Un intervento edilizio privo di autorizzazione, eseguito su un immobile classificato tra i beni culturali, fa scattare sanzioni anche penali che il seguente disco verde da parte della Soprintendenza non cancellano. Insomma, come a dire che: “fatto il danno, non si scappa dalla punizione”.
È quanto accaduto a un amministratore di uno stabile sottoposto a vincolo che aveva deciso di eseguire alcuni lavori sulla struttura e sulla facciata (sostituzione di alcuni serramenti, di alcuni dispositivi elettrici d’impianto e la realizzazione di un foro coperto da griglia d’aerazione visibile sulla facciata) senza avere l’OK da parte della Soprintendenza ai beni culturali.
Ebbene, ricevuta la condanna, la Cassazione penale con una recente sentenza (n. 14951/2015) ha stabilito la permanenza delle sanzioni anche se nel mentre del processo penale era arrivata la tanto agognata (ma a questo punto, inutile) autorizzazione a procedere.
Quello che interessa maggiormente di questa sentenza è, però, la puntuale distinzione fatta dalla Suprema Corte tra beni paesaggistici e beni culturali, entrambi disciplinati dal Codice dei beni culturali e del paesaggio (d.lgs. n. 42 del 2004), ma differenti per quanto riguarda le sanzioni e la loro estinzione.
In sostanza, affermano gli ermellini, occorre tenere ben distinta la differenza tra cos’è un bene paesaggistico e cosa un bene culturale.
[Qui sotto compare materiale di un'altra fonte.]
lemma countable_compact_space_has_isolated_point:
  assumes "compact_space Y" "regular_space Y" "t1_space Y"
    and "countable (topspace Y)" and "topspace Y \<noteq> {}"
  shows "\<exists>y\<in>topspace Y. openin Y {y}"
proof (rule ccontr)
  assume no_isolated: "\<not> ?thesis"
  \<comment> \<open>The complements of the countably many points are then dense open sets with empty
      intersection.\<close>
  let ?\<G> = "(\<lambda>y. topspace Y - {y}) ` topspace Y"
  have "Y closure_of \<Inter>?\<G> = topspace Y"
  proof (rule Baire_category)
    show "completely_metrizable_space Y \<or> locally_compact_space Y \<and> regular_space Y"
      using assms compact_imp_locally_compact_space by blast
    show "countable ?\<G>"
      using \<open>countable (topspace Y)\<close> by simp
    fix T assume "T \<in> ?\<G>"
    then obtain y where y: "y \<in> topspace Y" "T = topspace Y - {y}"
      by blast
    have "Y interior_of {y} = {}"
      using no_isolated y(1) interior_of_subset[of Y "{y}"] interior_of_eq[of Y "{y}"]
      by (metis subset_singletonD)
    then show "openin Y T \<and> Y closure_of T = topspace Y"
      using y \<open>t1_space Y\<close>
      by (simp add: closure_of_complement openin_diff t1_space_closedin_singleton)
  qed
  moreover have "\<Inter>?\<G> = {}"
    using \<open>topspace Y \<noteq> {}\<close> by auto
  ultimately show False
    using \<open>topspace Y \<noteq> {}\<close> by (metis closure_of_empty)
qed

lemma homogeneous_space_all_points_isolated:
  assumes "homogeneous_space Y" and "openin Y {y}" and "z \<in> topspace Y"
  shows "openin Y {z}"
proof -
  have "y \<in> topspace Y"
    using openin_subset[OF \<open>openin Y {y}\<close>] by simp
  then obtain h where "homeomorphic_map Y Y h" "h y = z"
    using assms unfolding homogeneous_space_def by blast
  then show ?thesis
    using homeomorphic_map_openness[of Y Y h "{y}"] \<open>openin Y {y}\<close> \<open>y \<in> topspace Y\<close> by simp
qed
Le definizioni si trovano nel decreto n. 42/2004.
I beni paesaggistici sono, per esempio, le cose immobili con evidenti caratteri di bellezza naturale o di singolarità geologica, le bellezze panoramiche considerate come quadri e così via.
Per questo tipo di beni, il reato si estingue con una provvedimento di sanatoria che giunga a posteriori dalla realizzazione dell’intervento abusivo.
I beni culturali sono le cose immobili e mobili appartenenti allo Stato, alle regioni, agli altri enti pubblici territoriali che presentano interesse artistico, storico, archeologico o etnoantropologico: per esempio le raccolte di musei, pinacoteche, gallerie, le collezioni librarie appartenenti allo Stato e gli immobili, di qualsiasi proprietà, che rivestono un interesse particolarmente importante a causa del loro riferimento con la storia politica, militare, della letteratura, dell’arte e della cultura in genere.
Per tali beni, il reato di abuso non si estingue dopo una sopravvenuta autorizzazione, se tardiva. Infatti la ratio della disposizione si spiega nel fatto che si intende tutelare da modifiche il bene da modifiche non previamente autorizzate (poco importa se successivamente all’abuso, tali modifiche possano essere considerate compatibili).
Infine, la Corte ricorda che dal punto di vista urbanistico, a prescindere dalla tipologia di bene sottoposta a vincolo (bene culturale o paesaggistico), il reato può essere sanato dal Comune se si perfeziona la c.d. Doppia Conformità, ossia la compatibilità dell’intervento sia nel momento della sua realizzazione sia quando si richiede la sanatoria.